PROBLEM: Everything from the line containing "(case chord_ends P" to the end of the listing is to be set down exactly, both ends included, and nothing before it.

============

(* Let $P,Q$ be distinct points of $D$ and let $v_1,v_2\in S^1$ be the endpoints of the chord through $P$ and $Q$, with $v_1$ closer to $P$ than to $Q$. For a point $R\in D$ the following are equivalent: (1) there exists $w\in S^1$ with $w\neq v_1,v_2$ such that $R$ is the intersection point of the line $v_1w_2$ and the line $v_2w_1$, where $w_1\in S^1$ is the intersection point of the line $wP$ with $S^1$ other than $w$, and $w_2\in S^1$ is the intersection point of the line $wQ$ with $S^1$ other than $w$; (2) $\delta(P,Q,R)=\frac{1}{2}\Delta_1'(P,Q)$.
   Context: $D$ is the open unit disk in $\mathbb R^2$ and $S^1$ its boundary circle. Regard $D$ as the Beltrami–Klein model (hyperbolic lines are chords). For distinct $P,Q\in D$ with chord endpoints $v_1,v_2\in S^1$, $d'(P,Q)=\tfrac12\left|\log\frac{|v_1Q||v_2P|}{|v_1P||v_2Q|}\right|$ (Euclidean lengths), $d'(P,P)=0$; $\Delta_n'(P,Q)=\log\frac{e^{n d'(P,Q)}+1}{e^{n d'(P,Q)}-1}$ for $n\in\mathbb Z_{>0}$; $\delta(P,Q,R)=\min\{d'(R,S): S \text{ on the chord through } P,Q\}$. *)

theory Defs
  imports "HOL-Analysis.Analysis"
begin

text \<open>The plane R^2 is modelled by the type complex (Euclidean distance = dist = cmod of difference).\<close>

definition Disk :: "complex set" where
  "Disk = {z. cmod z < 1}"

definition Circle :: "complex set" where
  "Circle = {z. cmod z = 1}"

definition is_chord_ends :: "complex \<Rightarrow> complex \<Rightarrow> complex \<Rightarrow> complex \<Rightarrow> bool" where
  "is_chord_ends P Q v1 v2 \<longleftrightarrow> v1 \<in> Circle \<and> v2 \<in> Circle \<and> v1 \<noteq> v2 \<and>
      collinear {v1, v2, P} \<and> collinear {v1, v2, Q}"

definition chord_ends :: "complex \<Rightarrow> complex \<Rightarrow> complex \<times> complex" where
  "chord_ends P Q = (SOME (v1, v2). is_chord_ends P Q v1 v2)"

text \<open>The Klein-model distance d'.  The formula is invariant under swapping v1 and v2.\<close>
definition kdist :: "complex \<Rightarrow> complex \<Rightarrow> real" where
  "kdist P Q = (if P = Q then 0 else
     (case chord_ends P Q of (v1, v2) \<Rightarrow>
        1/2 * \<bar>ln ((dist v1 Q * dist v2 P) / (dist v1 P * dist v2 Q))\<bar>))"

definition Delta' :: "nat \<Rightarrow> complex \<Rightarrow> complex \<Rightarrow> real" where
  "Delta' n P Q = ln ((exp (real n * kdist P Q) + 1) / (exp (real n * kdist P Q) - 1))"

definition delta :: "complex \<Rightarrow> complex \<Rightarrow> complex \<Rightarrow> real" where
  "delta P Q R = Inf (kdist R ` {S \<in> Disk. collinear {P, Q, S}})"

end

theory Submission
  imports Defs
begin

============

SOLUTION FOR THIS EXERCISE:
     (case chord_ends P Q of (v1, v2) \<Rightarrow>
        1/2 * \<bar>ln ((dist v1 Q * dist v2 P) / (dist v1 P * dist v2 Q))\<bar>))"

definition Delta' :: "nat \<Rightarrow> complex \<Rightarrow> complex \<Rightarrow> real" where
  "Delta' n P Q = ln ((exp (real n * kdist P Q) + 1) / (exp (real n * kdist P Q) - 1))"

definition delta :: "complex \<Rightarrow> complex \<Rightarrow> complex \<Rightarrow> real" where
  "delta P Q R = Inf (kdist R ` {S \<in> Disk. collinear {P, Q, S}})"

end

theory Submission
  imports Defs
begin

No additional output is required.